The Augustinian Priory of Saints Peter and Paul at Plympton, Devon, England was founded in 1121 by William Warelwast, Bishop of Exeter and became one of the richest Augustinian houses in England (9). As such it presents a particular case of a history of a priory that was "an important presence on the social and religious landscapes of England in the High and Late Middle Ages" (13). Fizzard then proceeds to give a detailed, yet readable, study of Plympton, drawing upon a wide range of primary sources, to present a thorough background on the founding of the priory (chapter one), episcopal support for the foundation in terms of donations from the bishops of Exeter and their circle (chapter two), building the endowment, lay benefactors, their motives and their gifts (chapter three), managing the inheritance: gains, losses and challenges in the twelfth, thirteenth, and fourteenth centuries--institutions in search of means might well cull advice today from this fourth chapter--maximizing the inheritance (chapter five), challenges to the authority of the priory (chapter six), Plympton and its connections to the secular clergy (chapter seven), as well as events leading to and including its dissolution (chapters eight through ten). Three useful appendices are also included, namely, the Spiritualia of Plympton Priory, Charters from the Courtenay Cartulary, Devon Record Office TD 51, and the Taxatio of Pope Nicholas IV.
Plympton Priory, as with the vast majority of emerging Augustinian houses in the late eleventh, early twelfth centuries, was founded by, and during the centuries in which it thrived--going from strength to strength, it would seem--maintained an ongoing relationship with both the bishop and an important episcopal center, in this case, Exeter. This is a differentiating characteristic of Augustinian houses, arising also from the fact that Augustine himself lived an essentially monastic life, while serving as a bishop, responsible both for pastoral care, as well as providing educative impetus, within the context of the contemplative life.
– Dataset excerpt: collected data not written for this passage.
lemma Omega_ge_of_vol_fraction:
  assumes TV: "T \<subseteq> V" and T_pos: "0 < vol T"
    and frac: "vol (T \<inter> R) / vol T \<ge> vol R / vol V + \<gamma> * (vol (V - R) / vol V)"
  shows "(\<gamma> - (\<epsilon> - vol R / vol (V - R))) * vol T \<le> \<Omega> T"
proof -
  define x t \<rho> \<rho>' where "x = vol (T \<inter> R)" and "t = vol T" and "\<rho> = vol R" and "\<rho>' = vol (V - R)"
  have \<rho>': "0 < \<rho>'" unfolding \<rho>'_def by (rule vol_compl_R_pos)
  have "vol (T - R) = t - x" using hvol_Int_Diff[of T E w R] TV finite_V finite_subset
    unfolding x_def t_def by (metis add_diff_cancel_left')
  then have \<Omega>T: "\<Omega> T = (1 + \<epsilon>) * x - \<epsilon> * t"
    by (simp add: Omega_eq[OF TV] flip: x_def) (simp add: algebra_simps)
  have "vol R / vol V + \<gamma> * (vol (V - R) / vol V) = (\<rho> + \<gamma> * \<rho>') / (\<rho> + \<rho>')"
    unfolding vol_V \<rho>_def \<rho>'_def by (simp add: add_divide_distrib)
  then have "(\<rho> + \<gamma> * \<rho>') * t \<le> x * (\<rho> + \<rho>')"
    using frac T_pos vol_R_pos \<rho>' unfolding x_def t_def \<rho>_def by (simp add: divide_le_eq le_divide_eq)
  moreover have "x * \<rho> \<le> x * (\<epsilon> * \<rho>')"
    using vol_R_le_eps hvol_nonneg[OF hypergraph] unfolding x_def \<rho>_def \<rho>'_def by (simp add: mult_left_mono)
  ultimately have "\<rho> * t + \<gamma> * \<rho>' * t - \<epsilon> * \<rho>' * t \<le> ((1 + \<epsilon>) * x - \<epsilon> * t) * \<rho>'"
    by (simp add: algebra_simps)
  also have "\<rho> * t + \<gamma> * \<rho>' * t - \<epsilon> * \<rho>' * t = (\<gamma> - (\<epsilon> - \<rho> / \<rho>')) * t * \<rho>'"
    using \<rho>' by (simp add: field_simps)
  finally show ?thesis using \<rho>' unfolding \<Omega>T t_def \<rho>_def \<rho>'_def by simp
qed

lemma hcond_minimizer_le_of_vol_fraction:
  assumes "Sstar \<subseteq> V" and "\<forall>S. S \<subseteq> V \<longrightarrow> HLC V E w R \<epsilon> Sstar \<le> HLC V E w R \<epsilon> S"
    and TV: "T \<subseteq> V" and T_pos: "0 < vol T" and T_small: "vol T \<le> vol (V - T)"
    and \<gamma>: "\<epsilon> - vol R / vol (V - R) < \<gamma>"
    and frac: "vol (T \<inter> R) / vol T \<ge> vol R / vol V + \<gamma> * (vol (V - R) / vol V)"
  shows "hcond V E w Sstar \<le> (1 / (\<gamma> - (\<epsilon> - vol R / vol (V - R)))) * hcond V E w T"
proof -
  define c where "c = \<gamma> - (\<epsilon> - vol R / vol (V - R))"
  have c_pos: "0 < c * vol T" using \<gamma> T_pos unfolding c_def by simp
  have Omega_ge: "c * vol T \<le> \<Omega> T"
    using Omega_ge_of_vol_fraction[OF TV T_pos frac] unfolding c_def .
  have "hcond V E w Sstar \<le> hcut E w T / \<Omega> T"
    using hcond_minimizer_le[OF assms(1,2) TV] c_pos Omega_ge by linarith
  also have "\<dots> \<le> hcut E w T / (c * vol T)"
    using Omega_ge c_pos hcut_nonneg[OF hypergraph] by (intro divide_left_mono) auto
  also have "\<dots> = (1 / c) * hcond V E w T"
    using T_small unfolding hcond_def by simp
  finally show ?thesis unfolding c_def .
qed

end

theorem theorem4:
  fixes V :: "'a set" and E :: "'a set set" and w :: "'a set \<Rightarrow> 'a set \<Rightarrow> real"
    and R Sstar :: "'a set" and \<epsilon> :: real
  assumes H: "hypergraph V E w"
    and RV: "R \<subseteq> V"
    and Rpos: "0 < hvol E w R"
    and Rle: "hvol E w R \<le> hvol E w (V - R)"
    and eps_lo: "hvol E w R / hvol E w (V - R) \<le> \<epsilon>"
    and eps_hi: "\<epsilon> < hvol E w R / hvol E w (V - R) + 1"
    and SV: "Sstar \<subseteq> V"
    and Smin: "\<forall>S. S \<subseteq> V \<longrightarrow> HLC V E w R \<epsilon> Sstar \<le> HLC V E w R \<epsilon> S"
  shows "(\<forall>T. T \<subseteq> R \<and> 0 < hvol E w T \<longrightarrow> hcond V E w Sstar \<le> hcond V E w T)
    \<and> (\<forall>T \<gamma>. T \<subseteq> V \<and> 0 < hvol E w T \<and> hvol E w T \<le> hvol E w (V - T)
          \<and> \<epsilon> - hvol E w R / hvol E w (V - R) < \<gamma> \<and> \<gamma> < 1
          \<and> hvol E w (T \<inter> R) / hvol E w T \<ge>
              hvol E w R / hvol E w V + \<gamma> * (hvol E w (V - R) / hvol E w V)
        \<longrightarrow> hcond V E w Sstar \<le> (1 / (\<gamma> - (\<epsilon> - hvol E w R / hvol E w (V - R)))) * hcond V E w T)
    \<and> (\<epsilon> = hvol E w R / hvol E w (V - R) \<longrightarrow>
        (\<forall>T \<gamma>. T \<subseteq> V \<and> 0 < hvol E w T \<and> hvol E w T \<le> hvol E w (V - T)
          \<and> 0 < \<gamma> \<and> \<gamma> < 1
          \<and> hvol E w (T \<inter> R) / hvol E w T \<ge>
              hvol E w R / hvol E w V + \<gamma> * (hvol E w (V - R) / hvol E w V)
        \<longrightarrow> hcond V E w Sstar \<le> (1 / \<gamma>) * hcond V E w T))"
proof -
  interpret localized_conductance V E w R \<epsilon>
    using H RV Rpos Rle eps_lo by unfold_locales
  have subset_R: "hcond V E w Sstar \<le> hcond V E w T" if "T \<subseteq> R" "0 < hvol E w T" for T
    using hcond_minimizer_le[OF SV Smin, of T] that RV Omega_subset_R hcond_subset_R by auto
  note fraction = hcond_minimizer_le_of_vol_fraction[OF SV Smin]
  \<comment> \<open>\<open>eps_hi\<close> (\<open>\<mu> < 1\<close>) only ensures that admissible \<open>\<gamma>\<close> exist; the bounds do not need it\<close>
  show ?thesis
    using subset_R fraction by (intro conjI allI impI) auto
qed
The combination of episcopal connection with learning would seem to be an important individuating factor for the emerging Augustinian order, yet this is difficult to define since it is largely spiritual in nature. Fizzard has brought together both the topic of spiritual basis and the practicalities of management, endowment, loss and gain, as well as the challenges of interaction between bishops, regular, and secular canons throughout the five centuries of the Priory's existence as an Augustinian house.
Her study is not only an important addition to a growing literature on early medieval Augustinian houses, but also due to her careful documentation, provides a wealth of information concerning this particular monastic situation, including addressing the assumption "that canons of this order were traditionally involved in pastoral care" (246). Fizzard concludes that "it would be unwise to assume that the participation of the Augustinian canons in the cure [and care] of souls was commonplace." Perhaps this is one of the reasons for its eventual dissolution. In any case, one of Fizzard's summarizing conclusions aptly accounts for the value of this study: "By engaging in a close analysis of an individual house of Augustinian canons, it has been possible to learn much about the creation, endowment, difficulties, successes, and activities of the canons at this locale" (246).